Answer
Graph
This would mean that $$_{t\rightarrow 3.5}^{\lim}\textrm{C(t)}=12.36$$
This would mean that $$_{t\rightarrow 3}^{\lim}\textrm{C(t)}=11.57$$
Therefore, $_{t\rightarrow 3}^{\lim}\textrm{C(t)}$ doesn't exist
Work Step by Step
The original function for this problem is $$C(t)=9.99-.79[[-(t-1)]]$$
If you want to know how to write it on Desmos, then you would have to write (for the greatest integer): $$y=9.99-.79((-(floor(x)-1)))$$
Anyways, to continue, the graph is down below, which is for Part A. Now, onward to Part B, which is the first of 2 plotting points with regards to the limitations.
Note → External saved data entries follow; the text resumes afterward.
(* Let $X$ be a compact Hausdorff space, $\mathcal C=C(X)$ the real continuous functions on $X$ with the supremum norm, $\alpha\colon X\to X$ continuous, $\delta f=f\circ\alpha$, and $A\colon\mathcal C\to\mathcal C$ a transfer operator for $(\mathcal C,\delta)$. Let $\lambda(\varphi)=\lim_{n\to\infty}\frac1n\ln\|A_\varphi^n\mathbf 1\|$ where $A_\varphi f=A(e^\varphi f)$. Then for every linear functional $\mu$ on $\mathcal C$ that does not belong to $M_\delta(\mathcal C)$, \[ \inf_{\varphi\in\mathcal C}\bigl(\lambda(\varphi)-\mu[\varphi]\bigr)=-\infty. \]
   Context: A transfer operator for $(\mathcal C,\delta)$ is a positive linear operator $A\colon\mathcal C\to\mathcal C$ with $A((\delta f)g)=f\,Ag$ for all $f,g\in\mathcal C$. $\mathbf 1$ is the constant function $1$. $M_\delta(\mathcal C)$ is the set of positive linear functionals $\mu$ on $\mathcal C$ with $\mu[\mathbf 1]=1$ and $\mu[\delta f]=\mu[f]$ for all $f\in\mathcal C$. *)

theory Defs
  imports "HOL-Analysis.Analysis"
begin

text \<open>The space C(X) of real continuous functions on the (compact Hausdorff) space X,
  where X is the universe of the type 'a.\<close>
definition cfun :: "('a::topological_space \<Rightarrow> real) set" where
  "cfun = {f. continuous_on UNIV f}"

definition supnorm :: "('a \<Rightarrow> real) \<Rightarrow> real" where
  "supnorm f = (SUP x. \<bar>f x\<bar>)"

definition one_fun :: "'a \<Rightarrow> real" where
  "one_fun = (\<lambda>x. 1)"

definition pos_linear_op :: "(('a::topological_space \<Rightarrow> real) \<Rightarrow> ('a \<Rightarrow> real)) \<Rightarrow> bool" where
  "pos_linear_op A \<longleftrightarrow>
     (\<forall>f\<in>cfun. A f \<in> cfun) \<and>
     (\<forall>f\<in>cfun. \<forall>g\<in>cfun. A (\<lambda>x. f x + g x) = (\<lambda>x. A f x + A g x)) \<and>
     (\<forall>f\<in>cfun. \<forall>c::real. A (\<lambda>x. c * f x) = (\<lambda>x. c * A f x)) \<and>
     (\<forall>f\<in>cfun. (\<forall>x. f x \<ge> 0) \<longrightarrow> (\<forall>x. A f x \<ge> 0))"

definition transfer_operator :: "('a::topological_space \<Rightarrow> 'a) \<Rightarrow> (('a \<Rightarrow> real) \<Rightarrow> ('a \<Rightarrow> real)) \<Rightarrow> bool" where
  "transfer_operator \<alpha> A \<longleftrightarrow> pos_linear_op A \<and>
     (\<forall>f\<in>cfun. \<forall>g\<in>cfun. A (\<lambda>x. f (\<alpha> x) * g x) = (\<lambda>x. f x * A g x))"

definition linear_functional :: "(('a::topological_space \<Rightarrow> real) \<Rightarrow> real) \<Rightarrow> bool" where
  "linear_functional \<mu> \<longleftrightarrow>
     (\<forall>f\<in>cfun. \<forall>g\<in>cfun. \<mu> (\<lambda>x. f x + g x) = \<mu> f + \<mu> g) \<and>
     (\<forall>f\<in>cfun. \<forall>c::real. \<mu> (\<lambda>x. c * f x) = c * \<mu> f)"

definition M_delta :: "('a::topological_space \<Rightarrow> 'a) \<Rightarrow> (('a \<Rightarrow> real) \<Rightarrow> real) set" where
  "M_delta \<alpha> = {\<mu>. linear_functional \<mu> \<and>
      (\<forall>f\<in>cfun. (\<forall>x. f x \<ge> 0) \<longrightarrow> \<mu> f \<ge> 0) \<and>
      \<mu> one_fun = 1 \<and>
      (\<forall>f\<in>cfun. \<mu> (\<lambda>x. f (\<alpha> x)) = \<mu> f)}"

definition weighted_op :: "(('a \<Rightarrow> real) \<Rightarrow> ('a \<Rightarrow> real)) \<Rightarrow> ('a \<Rightarrow> real) \<Rightarrow> ('a \<Rightarrow> real) \<Rightarrow> ('a \<Rightarrow> real)" where
  "weighted_op A \<phi> f = A (\<lambda>x. exp (\<phi> x) * f x)"

definition eln :: "real \<Rightarrow> ereal" where
  "eln t = (if t \<le> 0 then -\<infinity> else ereal (ln t))"

definition spec_exp :: "(('a \<Rightarrow> real) \<Rightarrow> ('a \<Rightarrow> real)) \<Rightarrow> ('a \<Rightarrow> real) \<Rightarrow> ereal" where
  "spec_exp A \<phi> = lim (\<lambda>n. eln (supnorm ((weighted_op A \<phi> ^^ n) one_fun)) / ereal (real n))"

end

theory Submission
  imports Defs
begin

text \<open>
  By Fekete's lemma for the subadditive sequence \<open>ln \<parallel>A\<^sub>\<phi>\<^sup>n 1\<parallel>\<close>, \<open>\<lambda>(\<phi>)\<close> is the
  infimum of \<open>(1/n) ln \<parallel>A\<^sub>\<phi>\<^sup>n 1\<parallel>\<close>, so a single \<open>n\<close> already bounds it from above.
  A linear \<open>\<mu>\<close> outside \<open>M\<^sub>\<delta>\<close> fails positivity, normalisation or \<open>\<delta>\<close>-invariance, and
  in each case a one-parameter family of weights makes \<open>\<mu>[\<phi>]\<close> arbitrarily large while
  \<open>\<lambda>(\<phi>)\<close> stays controlled: \<open>\<phi> = -t f\<close> with \<open>f \<ge> 0\<close>, \<open>\<mu>[f] < 0\<close> (then
  \<open>A\<^sub>\<phi> 1 \<le> A 1\<close>); a constant \<open>\<phi> = c\<close> (then \<open>\<lambda>(\<phi>) \<le> c + ln \<parallel>A 1\<parallel>\<close> against
  \<open>\<mu>[\<phi>] = c \<mu>[1]\<close>); and a coboundary \<open>\<phi> = \<delta>g - g\<close> with \<open>g = t f\<close>, for which the
  transfer identity gives \<open>A\<^sub>\<phi>\<^sup>n (e\<^sup>g h) = e\<^sup>g A\<^sup>n h\<close>, hence
  \<open>\<parallel>A\<^sub>\<phi>\<^sup>n 1\<parallel> \<le> exp (2 \<parallel>g\<parallel>) \<parallel>A 1\<parallel>\<^sup>n\<close> and \<open>\<lambda>(\<phi>) \<le> ln \<parallel>A 1\<parallel>\<close>.
\<close>

lemma subadditive_le_linear:
  fixes b :: "nat \<Rightarrow> real"
  assumes sub: "\<And>m n. b (m + n) \<le> b m + b n" and m: "m \<ge> 1"
  obtains C where "\<And>n. b n \<le> real n * (b m / real m) + C"
proof
  define x where "x = b m / real m"
  fix n :: nat
  have multiple: "b (q * m + r) \<le> real q * b m + b r" for q r
  proof (induction q)
    case 0
    then show ?case by simp
  next
    case (Suc q)
    have "b (Suc q * m + r) = b (m + (q * m + r))" by (simp add: algebra_simps)
    also have "\<dots> \<le> b m + b (q * m + r)" by (rule sub)
    finally show ?case using Suc by (simp add: algebra_simps)
  qed
  define q where "q = n div m"
  define r where "r = n mod m"
  have n: "n = q * m + r" and r: "r < m" using m by (simp_all add: q_def r_def)
  have "real q * b m = real (q * m) * x" using m by (simp add: x_def)
  also have "\<dots> \<le> real n * x + real m * \<bar>x\<bar>"
  proof -
    have "\<bar>real (q * m) - real n\<bar> \<le> real m" using n r by simp
    then have "(real (q * m) - real n) * x \<le> real m * \<bar>x\<bar>"
      by (metis abs_ge_self abs_mult abs_of_nat mult_right_mono abs_ge_zero order_trans)
    then show ?thesis by (simp add: algebra_simps)
  qed
  finally have "b n \<le> real n * x + real m * \<bar>x\<bar> + b r" using multiple[of q r] n by simp
  also have "b r \<le> (\<Sum>r<m. \<bar>b r\<bar>)"
    using r by (intro order_trans[OF abs_ge_self member_le_sum[where f = "\<lambda>r. \<bar>b r\<bar>"]]) auto
  finally show "b n \<le> real n * (b m / real m) + (real m * \<bar>b m / real m\<bar> + (\<Sum>r<m. \<bar>b r\<bar>))"
    by (simp add: x_def)
qed

lemma fekete:
  fixes b :: "nat \<Rightarrow> real"
  assumes sub: "\<And>m n. b (m + n) \<le> b m + b n"
  shows "(\<lambda>n. ereal (b n / real n)) \<longlonglongrightarrow> (INF n\<in>{1..}. ereal (b n / real n))"
proof (rule order_tendsto_iff[THEN iffD2], intro conjI allI impI)
  let ?L = "INF n\<in>{1..}. ereal (b n / real n)"
  fix a assume "a < ?L"
  then show "\<forall>\<^sub>F n in sequentially. a < ereal (b n / real n)"
    unfolding eventually_sequentially
    by (intro exI[of _ 1] allI impI) (auto intro: less_le_trans INF_lower)
next
  let ?L = "INF n\<in>{1..}. ereal (b n / real n)"
  fix a assume "?L < a"
  then obtain m where m: "m \<ge> 1" "ereal (b m / real m) < a"
    by (auto simp: INF_less_iff)
  obtain C where C: "\<And>n. b n \<le> real n * (b m / real m) + C"
    using subadditive_le_linear[OF sub m(1)] by blast
  have "(\<lambda>n. ereal (b m / real m + C / real n)) \<longlonglongrightarrow> ereal (b m / real m)"
    by (intro tendsto_intros lim_const_over_n[THEN tendsto_add[OF tendsto_const], simplified])
  then have "\<forall>\<^sub>F n in sequentially. ereal (b m / real m + C / real n) < a"
    using m(2) by (rule order_tendstoD)
  moreover have "\<forall>\<^sub>F n in sequentially. b n / real n \<le> b m / real m + C / real n"
    unfolding eventually_sequentially
    by (intro exI[of _ 1] allI impI) (use C in \<open>simp add: divide_simps mult.commute\<close>)
  ultimately show "\<forall>\<^sub>F n in sequentially. ereal (b n / real n) < a"
    by eventually_elim (erule le_less_trans[rotated], simp)
qed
So, this would be figuring out the limitation for when "x is approaching 3.5", which means to find the limit of 3.5 (from both sides), which can be solved by the following:
$$\begin{matrix}
t & 3 & 3.1 & 3.2 & 3.3 & 3.4 & \mathbf{3.5} & 3.6 & 3.7 & 3.8 & 3.9 & 4\\
C & 11.57 & 12.36 & 12.36 & 12.36 & 12.36 & \mathbf{12.36} & 12.36 & 12.36 & 12.36 & 12.36 & 12.36
\end{matrix}$$
This would mean that $$_{t\rightarrow 3.5}^{\lim}\textrm{C(t)}=12.36$$
Now, onto the Part C, which is the same concept as Part B, but only from $2\:to\:4$ instead of from $3\:to\:4$ and finding the limit of 3 (from both sides), which can be solved by the following:
$$\begin{matrix}
t & 2 & 2.1 & 2.5 & 2.9 & \mathbf{3} & 3.1 & 3.5 & 3.9 & 4 \\
C & 10.78 & 11.57 & 11.57 & 11.57 & \mathbf{11.57} & 12.36 & 12.36 & 12.36 & 12.36
\end{matrix}$$
This would mean that $$_{t\rightarrow 3}^{\lim}\textrm{C(t)}=11.57$$
Since $$\begin{matrix}
_{t\rightarrow 3}^{\lim}\textrm{C(t)}=11.57 & and & _{t\rightarrow 3.5}^{\lim}\textrm{C(t)}=12.36
\end{matrix}$$ this means that $_{t\rightarrow 3}^{\lim}\textrm{C(t)}$ doesn't exist "thanks" to $C$'s values while it's approaching various values while $t$ is approaching $3$, which can be written as $t\rightarrow 3$, but from both sides.